Classificar importantes ONGs palestinas pacíficas como grupos terroristas confunde e enfraquece a legítima oposição pacífica à ocupação, reforça a violência e põe a coalizão de governo em risco.
[ por Naomi Chazan | 25|10|2021 | Times of Israel | traduzido por Moisés Storch para o PAZ AGORA|BR ]
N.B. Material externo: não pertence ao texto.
lemma orth_predictors_diff:
  assumes W: "\<And>k. k \<in> S \<Longrightarrow> L2 M (W k)" and f: "L2 M f" and g: "L2 M g"
    and "orth_predictors M W S f" "orth_predictors M W S g"
  shows "orth_predictors M W S (\<lambda>x. f x - g x)"
  using orth_predictors_add[OF W f L2_scale[OF g, of "-1"] assms(4) orth_predictors_scale[OF assms(5)]]
  by simp

lemma orth_predictors_mono:
  "finite T \<Longrightarrow> S \<subseteq> T \<Longrightarrow> orth_predictors M W T f \<Longrightarrow> orth_predictors M W S f"
  using linear_predictors_mono[of T S W] unfolding orth_predictors_def by blast

text \<open>The difference \<open>a\<close> is orthogonal to itself, hence zero a.e.\<close>

lemma integral_mult_eq_if_diff_predictor:
  assumes W: "\<And>k. k \<in> S \<Longrightarrow> L2 M (W k)" and f: "L2 M f" and g: "L2 M g"
    and a: "a \<in> linear_predictors W S"
    and "orth_predictors M W S f" "orth_predictors M W S g"
    and fga: "\<And>x. f x = g x + a x" and h: "L2 M h"
  shows "(\<integral>x. f x * h x \<partial>M) = (\<integral>x. g x * h x \<partial>M)"
proof -
  have aL: "L2 M a" using L2_linear_predictor[OF W a] .
  have "(\<integral>x. a x * a x \<partial>M) = (\<integral>x. f x * a x \<partial>M) - (\<integral>x. g x * a x \<partial>M)"
    using Bochner_Integration.integral_diff[OF L2_integrable_mult[OF f aL] L2_integrable_mult[OF g aL]]
    by (simp add: fga algebra_simps)
  also have "\<dots> = 0" using assms(5,6) a unfolding orth_predictors_def by simp
  finally have "AE x in M. a x = 0" using AE_zero_if_integral_square_zero[OF aL] by simp
  then have "(\<integral>x. a x * h x \<partial>M) = 0" by (intro integral_eq_zero_AE) auto
  moreover have "(\<integral>x. f x * h x \<partial>M) = (\<integral>x. g x * h x \<partial>M) + (\<integral>x. a x * h x \<partial>M)"
    using Bochner_Integration.integral_add[OF L2_integrable_mult[OF g h] L2_integrable_mult[OF aL h]]
    by (simp add: fga algebra_simps)
  ultimately show ?thesis by simp
qed

text \<open>Gram--Schmidt step. If \<open>rW\<close> has norm zero it vanishes a.e., so any \<open>t\<close> works, in
  particular the junk value \<open>t = 0\<close> coming from \<open>x / 0 = 0\<close>.\<close>

lemma orth_predictors_insert:
  assumes fin: "finite S" and W: "\<And>i. i \<in> insert k S \<Longrightarrow> L2 M (W i)"
    and rZ: "L2 M rZ" "orth_predictors M W S rZ"
    and vW: "vW \<in> linear_predictors W S" "orth_predictors M W S (\<lambda>x. W k x - vW x)"
  defines "rW \<equiv> \<lambda>x. W k x - vW x"
  defines "t \<equiv> (\<integral>x. rZ x * rW x \<partial>M) / (\<integral>x. rW x * rW x \<partial>M)"
  shows "orth_predictors M W (insert k S) (\<lambda>x. rZ x - t * rW x)"
proof -
  let ?r = "\<lambda>x. rZ x - t * rW x"
  let ?q = "\<integral>x. rW x * rW x \<partial>M"
  have WS: "\<And>i. i \<in> S \<Longrightarrow> L2 M (W i)" using W by auto
  have LvW: "L2 M vW" using L2_linear_predictor[OF WS vW(1)] .
  have LrW: "L2 M rW" unfolding rW_def using L2_diff[OF W[of k] LvW] by simp
  have Lr: "L2 M ?r" using L2_diff[OF rZ(1) L2_scale[OF LrW]] .
  have orS: "orth_predictors M W S ?r"
    using orth_predictors_diff[OF WS rZ(1) L2_scale[OF LrW] rZ(2) orth_predictors_scale]
      vW(2) unfolding rW_def by blast
  have "(\<integral>x. ?r x * rW x \<partial>M) = (\<integral>x. rZ x * rW x \<partial>M) - t * ?q"
    using Bochner_Integration.integral_diff[OF L2_integrable_mult[OF rZ(1) LrW]
        integrable_mult_right[OF L2_integrable_mult[OF LrW LrW]], of t]
    by (simp add: algebra_simps)
  also have "\<dots> = 0"
  proof (cases "?q = 0")
    case True
    then have "AE x in M. rW x = 0" using AE_zero_if_integral_square_zero[OF LrW] by simp
    then have "(\<integral>x. rZ x * rW x \<partial>M) = 0" by (intro integral_eq_zero_AE) auto
    then show ?thesis using True by simp
  qed (simp add: t_def)
  finally have r_rW: "(\<integral>x. ?r x * rW x \<partial>M) = 0" .
  have "(\<integral>x. ?r x * W k x \<partial>M) = (\<integral>x. ?r x * rW x \<partial>M) + (\<integral>x. ?r x * vW x \<partial>M)"
    using Bochner_Integration.integral_add[OF L2_integrable_mult[OF Lr LrW] L2_integrable_mult[OF Lr LvW]]
    by (simp add: rW_def algebra_simps)
  also have "\<dots> = 0" using r_rW orS vW(1) unfolding orth_predictors_def by simp
  finally have "(\<integral>x. ?r x * W k x \<partial>M) = 0" .
  then show ?thesis
    using orth_predictorsD[OF fin orS] by (intro orth_predictorsI[OF W Lr]) auto
qed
A decisão do ministro da Defesa Benny Gantz de colocar seis organizações da sociedade civil palestina, incluindo seus principais grupos de Direitos Humanos, na lista de organizações terroristas, provocou reações intensas. Organizações de Direitos Humanos de todo mundo condenarão a ação com veemência. Líderes na Europa e Estados Unidos reagiram fortemente contra o ataque do novo goverdno contra um dos mais indispensáveis tijolos para construção de uma governança democrática. E em Israel, junto ao aplauso antecipado pela oposição de direita e o crescente desconforto em porções da coalizão diversificada, beirando um dissenso aberto em suas alas de esquerda, questiona-se sobre seu timing, utilidade e racionalidade,
Em meio a este debate em expansão — que não mostra sinais de acabar logo — muita ênfase tem sido colocada no aqui agora, Quase nenhuma atenção é dada ao contexto histórico e comparativo, Mesmo uma mirada superficial sobre a dinâmica de numerosas tentativas por diferentes minorias étnica para subjugar maiorias locais contra sua vontade apenas amplia o absurdo e futilidade desta última ação. O governo israelense faria bem em estudar cuidadosamente essas lições, antes de ser tentado a repeti-las, não só em detrimento dos palestinos, mas também em seu próprio prejuízo,
A História moderna é farta de exemplos de conquistas externas, expansão imperial e domínio colonial. Um denominador comum conecta essas experiências muito diversas em diferentes partes do globo: toda intrusão estrangeira provoca alguma forma de reação local. Quanto mais abrangente o controle externo — de econômico e religioso a militar e burocrático – a extensão e intensidade das respostas. O domínio externo, sistematicamente, inegavelmente e quase uniformemente plantou as sementes de sua própria dissipação. O que foi verdade para a maior parte da Àsia, África e América Latina também pertence à História de Israel-Palestina do século passado e mais.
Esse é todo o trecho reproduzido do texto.